Source data

···

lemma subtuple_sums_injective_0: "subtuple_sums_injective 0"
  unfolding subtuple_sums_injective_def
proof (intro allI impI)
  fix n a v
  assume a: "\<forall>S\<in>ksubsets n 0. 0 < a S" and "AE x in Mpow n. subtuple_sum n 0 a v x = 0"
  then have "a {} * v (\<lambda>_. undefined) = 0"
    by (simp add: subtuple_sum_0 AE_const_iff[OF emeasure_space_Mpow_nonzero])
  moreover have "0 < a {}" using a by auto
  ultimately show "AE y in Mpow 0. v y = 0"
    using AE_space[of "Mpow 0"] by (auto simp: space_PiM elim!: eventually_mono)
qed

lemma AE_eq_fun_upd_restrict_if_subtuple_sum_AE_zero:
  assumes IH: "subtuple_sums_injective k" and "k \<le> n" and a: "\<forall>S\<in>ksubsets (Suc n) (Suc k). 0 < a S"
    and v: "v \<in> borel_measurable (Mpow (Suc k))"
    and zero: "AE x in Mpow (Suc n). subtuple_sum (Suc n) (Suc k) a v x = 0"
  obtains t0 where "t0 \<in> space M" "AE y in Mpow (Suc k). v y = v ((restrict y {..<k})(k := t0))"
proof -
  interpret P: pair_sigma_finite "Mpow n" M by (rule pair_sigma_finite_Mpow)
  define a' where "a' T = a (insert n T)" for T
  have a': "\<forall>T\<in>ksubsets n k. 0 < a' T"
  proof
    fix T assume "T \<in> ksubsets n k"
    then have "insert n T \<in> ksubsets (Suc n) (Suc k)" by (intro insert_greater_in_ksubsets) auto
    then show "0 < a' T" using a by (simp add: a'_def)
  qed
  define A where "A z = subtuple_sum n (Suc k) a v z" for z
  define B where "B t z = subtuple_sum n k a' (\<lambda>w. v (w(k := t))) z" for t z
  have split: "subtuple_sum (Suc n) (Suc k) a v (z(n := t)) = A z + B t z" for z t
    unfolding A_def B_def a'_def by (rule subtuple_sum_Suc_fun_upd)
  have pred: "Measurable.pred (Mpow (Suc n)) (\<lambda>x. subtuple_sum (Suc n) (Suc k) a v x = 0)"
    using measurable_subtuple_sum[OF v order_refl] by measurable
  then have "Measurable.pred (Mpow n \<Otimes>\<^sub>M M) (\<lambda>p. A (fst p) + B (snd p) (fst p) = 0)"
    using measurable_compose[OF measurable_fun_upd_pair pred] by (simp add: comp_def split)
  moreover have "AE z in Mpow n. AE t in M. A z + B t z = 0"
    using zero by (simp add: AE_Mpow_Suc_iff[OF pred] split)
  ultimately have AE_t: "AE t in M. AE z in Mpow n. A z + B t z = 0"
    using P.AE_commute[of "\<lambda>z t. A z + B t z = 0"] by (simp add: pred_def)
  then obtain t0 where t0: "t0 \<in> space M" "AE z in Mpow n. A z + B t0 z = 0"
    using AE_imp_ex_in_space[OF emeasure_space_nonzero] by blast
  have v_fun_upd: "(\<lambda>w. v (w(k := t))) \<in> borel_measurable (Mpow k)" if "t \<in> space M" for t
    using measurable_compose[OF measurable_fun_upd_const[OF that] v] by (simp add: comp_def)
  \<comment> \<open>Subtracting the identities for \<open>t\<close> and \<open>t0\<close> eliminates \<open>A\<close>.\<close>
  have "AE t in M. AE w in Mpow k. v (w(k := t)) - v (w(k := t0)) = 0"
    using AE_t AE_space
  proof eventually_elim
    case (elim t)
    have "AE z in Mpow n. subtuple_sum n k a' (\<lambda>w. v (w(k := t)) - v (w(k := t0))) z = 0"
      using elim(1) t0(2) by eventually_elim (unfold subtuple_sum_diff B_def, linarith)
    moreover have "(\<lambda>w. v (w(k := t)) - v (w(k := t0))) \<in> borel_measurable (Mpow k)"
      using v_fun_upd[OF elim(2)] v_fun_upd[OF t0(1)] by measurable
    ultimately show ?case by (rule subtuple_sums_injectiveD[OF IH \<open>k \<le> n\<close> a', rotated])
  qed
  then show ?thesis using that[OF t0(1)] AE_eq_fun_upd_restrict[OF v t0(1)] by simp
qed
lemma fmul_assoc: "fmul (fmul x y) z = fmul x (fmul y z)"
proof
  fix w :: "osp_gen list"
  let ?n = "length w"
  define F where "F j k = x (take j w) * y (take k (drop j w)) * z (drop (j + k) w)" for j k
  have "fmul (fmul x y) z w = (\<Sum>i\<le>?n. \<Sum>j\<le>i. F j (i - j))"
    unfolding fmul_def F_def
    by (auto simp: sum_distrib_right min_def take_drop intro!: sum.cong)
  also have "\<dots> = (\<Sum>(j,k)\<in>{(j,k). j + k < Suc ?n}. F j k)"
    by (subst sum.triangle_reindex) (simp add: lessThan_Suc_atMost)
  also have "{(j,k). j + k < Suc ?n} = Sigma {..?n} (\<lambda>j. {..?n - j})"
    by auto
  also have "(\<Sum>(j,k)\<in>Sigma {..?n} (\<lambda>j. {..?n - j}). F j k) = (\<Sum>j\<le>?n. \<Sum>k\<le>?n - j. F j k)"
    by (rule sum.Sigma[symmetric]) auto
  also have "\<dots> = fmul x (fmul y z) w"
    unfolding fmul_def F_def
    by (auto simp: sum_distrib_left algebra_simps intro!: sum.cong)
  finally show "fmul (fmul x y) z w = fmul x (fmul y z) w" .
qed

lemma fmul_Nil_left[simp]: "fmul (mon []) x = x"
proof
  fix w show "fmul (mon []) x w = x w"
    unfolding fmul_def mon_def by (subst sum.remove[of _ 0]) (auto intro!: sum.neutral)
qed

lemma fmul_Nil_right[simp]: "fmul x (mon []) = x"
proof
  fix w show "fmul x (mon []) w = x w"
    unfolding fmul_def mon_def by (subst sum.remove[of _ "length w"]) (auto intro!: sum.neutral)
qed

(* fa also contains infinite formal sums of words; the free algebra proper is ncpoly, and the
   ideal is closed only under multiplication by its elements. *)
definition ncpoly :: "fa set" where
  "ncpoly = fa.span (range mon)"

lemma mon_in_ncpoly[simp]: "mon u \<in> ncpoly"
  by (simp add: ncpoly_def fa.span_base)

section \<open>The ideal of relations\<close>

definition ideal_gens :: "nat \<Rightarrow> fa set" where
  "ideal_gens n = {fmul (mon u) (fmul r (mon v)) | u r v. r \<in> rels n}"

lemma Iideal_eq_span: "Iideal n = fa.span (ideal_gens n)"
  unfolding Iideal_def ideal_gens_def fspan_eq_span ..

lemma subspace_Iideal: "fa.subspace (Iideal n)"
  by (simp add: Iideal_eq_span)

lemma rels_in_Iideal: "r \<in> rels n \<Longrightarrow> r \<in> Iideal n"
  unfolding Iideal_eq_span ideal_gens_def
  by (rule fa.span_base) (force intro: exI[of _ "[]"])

···

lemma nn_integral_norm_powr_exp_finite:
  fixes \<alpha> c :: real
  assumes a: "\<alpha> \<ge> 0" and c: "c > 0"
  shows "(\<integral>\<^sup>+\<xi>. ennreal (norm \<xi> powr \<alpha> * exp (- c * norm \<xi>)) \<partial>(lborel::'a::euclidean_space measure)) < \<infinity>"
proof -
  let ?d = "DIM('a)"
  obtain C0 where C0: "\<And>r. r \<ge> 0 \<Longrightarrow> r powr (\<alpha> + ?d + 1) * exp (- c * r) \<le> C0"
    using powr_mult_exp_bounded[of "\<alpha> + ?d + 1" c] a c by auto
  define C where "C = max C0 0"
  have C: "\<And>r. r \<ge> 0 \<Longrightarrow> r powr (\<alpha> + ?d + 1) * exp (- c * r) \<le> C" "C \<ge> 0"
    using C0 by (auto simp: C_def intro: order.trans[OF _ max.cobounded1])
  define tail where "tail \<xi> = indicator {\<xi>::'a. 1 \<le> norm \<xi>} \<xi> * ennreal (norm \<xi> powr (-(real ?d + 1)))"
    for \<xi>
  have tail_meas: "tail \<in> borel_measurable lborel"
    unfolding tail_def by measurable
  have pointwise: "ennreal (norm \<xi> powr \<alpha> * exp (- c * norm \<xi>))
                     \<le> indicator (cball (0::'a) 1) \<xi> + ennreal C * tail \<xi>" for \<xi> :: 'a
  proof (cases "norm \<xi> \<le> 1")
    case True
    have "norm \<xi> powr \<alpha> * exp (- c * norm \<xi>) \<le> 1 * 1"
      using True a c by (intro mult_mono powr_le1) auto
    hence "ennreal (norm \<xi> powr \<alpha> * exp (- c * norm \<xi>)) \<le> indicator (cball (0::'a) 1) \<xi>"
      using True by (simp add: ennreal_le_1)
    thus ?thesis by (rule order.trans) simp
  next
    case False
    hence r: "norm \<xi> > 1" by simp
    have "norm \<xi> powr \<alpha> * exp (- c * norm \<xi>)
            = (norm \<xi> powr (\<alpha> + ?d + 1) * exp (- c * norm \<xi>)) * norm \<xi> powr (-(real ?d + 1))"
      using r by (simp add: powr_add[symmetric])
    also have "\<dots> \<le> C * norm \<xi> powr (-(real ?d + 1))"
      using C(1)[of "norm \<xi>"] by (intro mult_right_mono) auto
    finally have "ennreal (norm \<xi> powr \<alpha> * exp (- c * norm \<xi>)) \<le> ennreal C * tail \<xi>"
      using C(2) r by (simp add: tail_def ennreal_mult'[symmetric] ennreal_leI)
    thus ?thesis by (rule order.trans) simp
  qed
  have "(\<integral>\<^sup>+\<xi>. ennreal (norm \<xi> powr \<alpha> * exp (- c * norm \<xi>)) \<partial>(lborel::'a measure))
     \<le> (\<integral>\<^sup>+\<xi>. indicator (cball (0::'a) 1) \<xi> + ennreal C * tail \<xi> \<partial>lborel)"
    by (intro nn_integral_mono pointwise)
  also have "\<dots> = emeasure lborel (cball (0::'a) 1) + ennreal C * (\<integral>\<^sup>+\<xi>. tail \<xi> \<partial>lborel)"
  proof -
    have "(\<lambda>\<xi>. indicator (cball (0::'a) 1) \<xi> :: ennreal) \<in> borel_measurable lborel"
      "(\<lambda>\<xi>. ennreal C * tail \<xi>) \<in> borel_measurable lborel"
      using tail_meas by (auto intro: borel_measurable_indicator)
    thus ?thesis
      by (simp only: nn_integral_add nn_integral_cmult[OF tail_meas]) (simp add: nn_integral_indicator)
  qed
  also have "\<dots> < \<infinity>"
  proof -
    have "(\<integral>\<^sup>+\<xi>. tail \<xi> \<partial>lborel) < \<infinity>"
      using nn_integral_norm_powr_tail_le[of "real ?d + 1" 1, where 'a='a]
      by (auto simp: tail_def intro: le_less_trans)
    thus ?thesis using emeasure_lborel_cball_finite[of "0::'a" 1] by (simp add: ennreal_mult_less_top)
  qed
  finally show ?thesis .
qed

···

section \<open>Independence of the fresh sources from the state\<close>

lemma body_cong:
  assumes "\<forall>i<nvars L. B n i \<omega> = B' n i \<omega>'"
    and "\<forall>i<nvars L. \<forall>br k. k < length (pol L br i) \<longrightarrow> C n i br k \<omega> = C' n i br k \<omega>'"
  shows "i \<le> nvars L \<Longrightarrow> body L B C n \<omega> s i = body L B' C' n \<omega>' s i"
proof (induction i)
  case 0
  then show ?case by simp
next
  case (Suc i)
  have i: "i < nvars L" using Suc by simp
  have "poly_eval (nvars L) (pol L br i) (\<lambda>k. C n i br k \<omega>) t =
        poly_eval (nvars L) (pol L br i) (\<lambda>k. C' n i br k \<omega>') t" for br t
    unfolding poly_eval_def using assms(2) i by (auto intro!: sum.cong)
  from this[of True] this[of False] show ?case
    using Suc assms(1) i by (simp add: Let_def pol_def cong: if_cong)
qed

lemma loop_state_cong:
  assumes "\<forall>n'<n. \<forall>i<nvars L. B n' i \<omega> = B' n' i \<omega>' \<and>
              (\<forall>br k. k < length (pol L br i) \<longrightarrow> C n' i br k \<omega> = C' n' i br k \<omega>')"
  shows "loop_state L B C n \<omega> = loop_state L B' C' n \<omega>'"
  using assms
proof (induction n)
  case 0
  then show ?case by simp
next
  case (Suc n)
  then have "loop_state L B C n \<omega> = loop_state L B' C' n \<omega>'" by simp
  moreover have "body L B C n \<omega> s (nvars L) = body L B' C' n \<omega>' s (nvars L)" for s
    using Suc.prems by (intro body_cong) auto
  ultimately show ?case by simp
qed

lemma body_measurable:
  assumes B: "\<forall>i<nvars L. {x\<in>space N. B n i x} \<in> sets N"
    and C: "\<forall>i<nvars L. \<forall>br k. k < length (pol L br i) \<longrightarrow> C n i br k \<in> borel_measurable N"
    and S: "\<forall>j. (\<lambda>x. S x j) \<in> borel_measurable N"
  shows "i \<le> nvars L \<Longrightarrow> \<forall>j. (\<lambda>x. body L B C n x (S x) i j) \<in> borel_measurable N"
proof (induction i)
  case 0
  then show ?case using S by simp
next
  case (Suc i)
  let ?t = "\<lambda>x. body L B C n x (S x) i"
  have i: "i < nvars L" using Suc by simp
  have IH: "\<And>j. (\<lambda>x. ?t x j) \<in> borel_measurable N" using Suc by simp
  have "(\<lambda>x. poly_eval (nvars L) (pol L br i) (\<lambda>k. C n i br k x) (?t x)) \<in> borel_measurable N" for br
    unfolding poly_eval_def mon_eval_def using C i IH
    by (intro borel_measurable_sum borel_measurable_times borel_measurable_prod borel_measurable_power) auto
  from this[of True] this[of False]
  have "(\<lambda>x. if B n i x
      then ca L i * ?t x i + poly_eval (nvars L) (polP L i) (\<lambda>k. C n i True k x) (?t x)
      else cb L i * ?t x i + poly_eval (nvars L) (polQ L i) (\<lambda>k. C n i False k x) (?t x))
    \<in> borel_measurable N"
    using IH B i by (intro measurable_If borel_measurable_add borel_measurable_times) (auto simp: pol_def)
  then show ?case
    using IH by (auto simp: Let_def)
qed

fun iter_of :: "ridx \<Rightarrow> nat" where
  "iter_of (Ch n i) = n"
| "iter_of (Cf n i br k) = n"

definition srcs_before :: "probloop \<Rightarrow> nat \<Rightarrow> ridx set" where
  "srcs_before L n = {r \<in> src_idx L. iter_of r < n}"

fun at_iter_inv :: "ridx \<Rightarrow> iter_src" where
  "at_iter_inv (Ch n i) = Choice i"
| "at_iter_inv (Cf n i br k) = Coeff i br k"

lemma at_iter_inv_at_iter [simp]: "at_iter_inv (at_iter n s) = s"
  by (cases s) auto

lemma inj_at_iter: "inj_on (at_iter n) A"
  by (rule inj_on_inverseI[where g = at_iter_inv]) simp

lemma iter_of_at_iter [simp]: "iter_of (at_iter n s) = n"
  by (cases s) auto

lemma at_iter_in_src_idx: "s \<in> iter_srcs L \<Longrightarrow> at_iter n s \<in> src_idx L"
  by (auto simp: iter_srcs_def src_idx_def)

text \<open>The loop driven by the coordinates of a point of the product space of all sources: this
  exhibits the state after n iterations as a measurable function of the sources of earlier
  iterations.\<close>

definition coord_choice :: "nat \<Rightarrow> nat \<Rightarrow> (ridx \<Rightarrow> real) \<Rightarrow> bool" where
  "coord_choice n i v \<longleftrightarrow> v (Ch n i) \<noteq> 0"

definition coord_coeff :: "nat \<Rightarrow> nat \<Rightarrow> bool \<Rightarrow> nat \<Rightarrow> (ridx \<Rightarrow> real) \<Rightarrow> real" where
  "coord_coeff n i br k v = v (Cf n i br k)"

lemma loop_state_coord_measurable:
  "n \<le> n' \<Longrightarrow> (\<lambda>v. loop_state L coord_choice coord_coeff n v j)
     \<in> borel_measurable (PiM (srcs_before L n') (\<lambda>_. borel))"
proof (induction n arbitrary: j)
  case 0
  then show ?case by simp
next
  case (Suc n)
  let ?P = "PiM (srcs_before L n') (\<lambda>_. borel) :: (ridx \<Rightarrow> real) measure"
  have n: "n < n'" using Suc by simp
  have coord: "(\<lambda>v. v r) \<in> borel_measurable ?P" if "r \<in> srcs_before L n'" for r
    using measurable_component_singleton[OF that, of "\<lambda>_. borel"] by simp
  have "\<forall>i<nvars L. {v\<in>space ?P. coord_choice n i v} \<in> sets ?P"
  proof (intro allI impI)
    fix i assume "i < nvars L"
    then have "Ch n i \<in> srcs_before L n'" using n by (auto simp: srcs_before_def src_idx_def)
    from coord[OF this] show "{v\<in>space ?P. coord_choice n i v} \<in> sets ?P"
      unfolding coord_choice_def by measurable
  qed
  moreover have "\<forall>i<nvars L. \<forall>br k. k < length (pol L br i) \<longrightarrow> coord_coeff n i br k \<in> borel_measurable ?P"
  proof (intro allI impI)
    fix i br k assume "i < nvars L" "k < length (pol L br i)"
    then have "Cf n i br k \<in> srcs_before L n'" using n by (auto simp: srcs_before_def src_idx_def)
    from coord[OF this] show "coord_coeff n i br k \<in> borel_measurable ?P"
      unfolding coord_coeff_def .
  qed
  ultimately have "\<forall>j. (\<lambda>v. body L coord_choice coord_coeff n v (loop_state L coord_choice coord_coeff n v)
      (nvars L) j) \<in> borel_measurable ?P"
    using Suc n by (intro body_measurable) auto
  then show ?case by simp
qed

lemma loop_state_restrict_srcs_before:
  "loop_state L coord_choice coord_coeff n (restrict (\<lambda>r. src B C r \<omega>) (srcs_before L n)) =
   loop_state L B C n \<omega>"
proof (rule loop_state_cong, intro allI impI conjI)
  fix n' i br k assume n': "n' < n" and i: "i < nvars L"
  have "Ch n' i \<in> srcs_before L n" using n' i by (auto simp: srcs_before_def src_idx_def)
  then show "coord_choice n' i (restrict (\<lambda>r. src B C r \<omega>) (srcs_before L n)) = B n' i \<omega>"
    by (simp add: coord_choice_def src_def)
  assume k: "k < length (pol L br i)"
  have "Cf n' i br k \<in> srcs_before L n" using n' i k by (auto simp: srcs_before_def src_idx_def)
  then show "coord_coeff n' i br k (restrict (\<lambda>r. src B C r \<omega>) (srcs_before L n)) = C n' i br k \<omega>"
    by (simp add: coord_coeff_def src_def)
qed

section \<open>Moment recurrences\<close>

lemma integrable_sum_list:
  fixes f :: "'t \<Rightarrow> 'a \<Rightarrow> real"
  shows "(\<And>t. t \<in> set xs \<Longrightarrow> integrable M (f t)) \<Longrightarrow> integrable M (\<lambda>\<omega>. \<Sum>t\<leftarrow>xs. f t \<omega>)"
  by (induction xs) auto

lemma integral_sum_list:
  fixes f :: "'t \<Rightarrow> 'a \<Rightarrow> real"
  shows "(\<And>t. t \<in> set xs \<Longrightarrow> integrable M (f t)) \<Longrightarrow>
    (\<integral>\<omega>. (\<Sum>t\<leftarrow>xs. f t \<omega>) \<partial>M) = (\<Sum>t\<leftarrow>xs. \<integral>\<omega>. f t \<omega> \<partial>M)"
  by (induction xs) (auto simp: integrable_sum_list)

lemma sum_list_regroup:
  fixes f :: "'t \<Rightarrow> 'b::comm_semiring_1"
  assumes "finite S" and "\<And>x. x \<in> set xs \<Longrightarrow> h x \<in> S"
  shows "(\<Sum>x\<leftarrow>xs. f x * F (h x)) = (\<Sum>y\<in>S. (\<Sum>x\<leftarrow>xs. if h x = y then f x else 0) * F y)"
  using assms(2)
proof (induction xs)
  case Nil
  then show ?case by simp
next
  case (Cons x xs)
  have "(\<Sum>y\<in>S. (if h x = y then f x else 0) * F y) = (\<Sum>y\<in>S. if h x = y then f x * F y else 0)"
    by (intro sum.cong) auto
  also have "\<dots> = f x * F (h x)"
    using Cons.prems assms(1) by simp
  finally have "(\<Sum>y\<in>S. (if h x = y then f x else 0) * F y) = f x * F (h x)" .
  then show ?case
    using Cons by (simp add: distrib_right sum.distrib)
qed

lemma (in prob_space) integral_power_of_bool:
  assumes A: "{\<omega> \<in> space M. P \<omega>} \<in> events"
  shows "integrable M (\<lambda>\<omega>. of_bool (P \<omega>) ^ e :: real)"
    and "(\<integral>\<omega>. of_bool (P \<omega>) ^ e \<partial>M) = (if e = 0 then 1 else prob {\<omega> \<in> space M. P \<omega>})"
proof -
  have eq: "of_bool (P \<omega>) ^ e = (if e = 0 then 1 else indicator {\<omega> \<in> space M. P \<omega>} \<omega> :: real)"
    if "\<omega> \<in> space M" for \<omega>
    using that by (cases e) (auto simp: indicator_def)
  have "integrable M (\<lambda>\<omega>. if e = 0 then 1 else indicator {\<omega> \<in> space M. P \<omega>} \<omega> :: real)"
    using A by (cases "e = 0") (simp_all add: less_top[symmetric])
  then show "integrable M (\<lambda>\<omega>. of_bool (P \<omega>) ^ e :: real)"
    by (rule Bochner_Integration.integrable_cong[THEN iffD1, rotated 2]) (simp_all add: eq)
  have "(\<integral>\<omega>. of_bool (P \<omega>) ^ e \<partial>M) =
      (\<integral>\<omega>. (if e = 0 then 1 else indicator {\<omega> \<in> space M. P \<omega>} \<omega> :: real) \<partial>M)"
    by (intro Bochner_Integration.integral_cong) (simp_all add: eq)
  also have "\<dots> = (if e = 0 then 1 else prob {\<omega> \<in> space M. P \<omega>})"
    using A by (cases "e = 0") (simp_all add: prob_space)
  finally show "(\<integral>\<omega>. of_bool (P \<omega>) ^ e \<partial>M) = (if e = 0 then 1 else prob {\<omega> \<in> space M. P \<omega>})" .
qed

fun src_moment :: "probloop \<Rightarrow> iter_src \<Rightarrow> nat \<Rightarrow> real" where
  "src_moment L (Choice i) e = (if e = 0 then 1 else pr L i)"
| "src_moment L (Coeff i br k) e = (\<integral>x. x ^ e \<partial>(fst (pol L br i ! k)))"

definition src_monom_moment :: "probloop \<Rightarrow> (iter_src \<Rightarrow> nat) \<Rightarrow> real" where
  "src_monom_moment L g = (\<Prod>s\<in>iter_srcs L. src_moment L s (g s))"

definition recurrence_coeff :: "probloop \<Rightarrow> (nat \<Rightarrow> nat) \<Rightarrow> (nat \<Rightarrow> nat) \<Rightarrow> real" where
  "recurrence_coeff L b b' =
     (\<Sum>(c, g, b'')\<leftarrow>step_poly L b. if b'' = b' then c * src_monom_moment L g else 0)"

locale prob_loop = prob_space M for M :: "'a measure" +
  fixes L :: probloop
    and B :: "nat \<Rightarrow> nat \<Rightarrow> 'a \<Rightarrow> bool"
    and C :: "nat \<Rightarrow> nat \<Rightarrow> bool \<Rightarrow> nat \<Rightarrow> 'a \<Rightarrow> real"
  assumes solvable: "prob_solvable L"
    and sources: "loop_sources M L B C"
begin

···

_Goal of the exercise_
Report how many lines in the records above contain the word "split", giving only the number.

_Response to this exercise_
3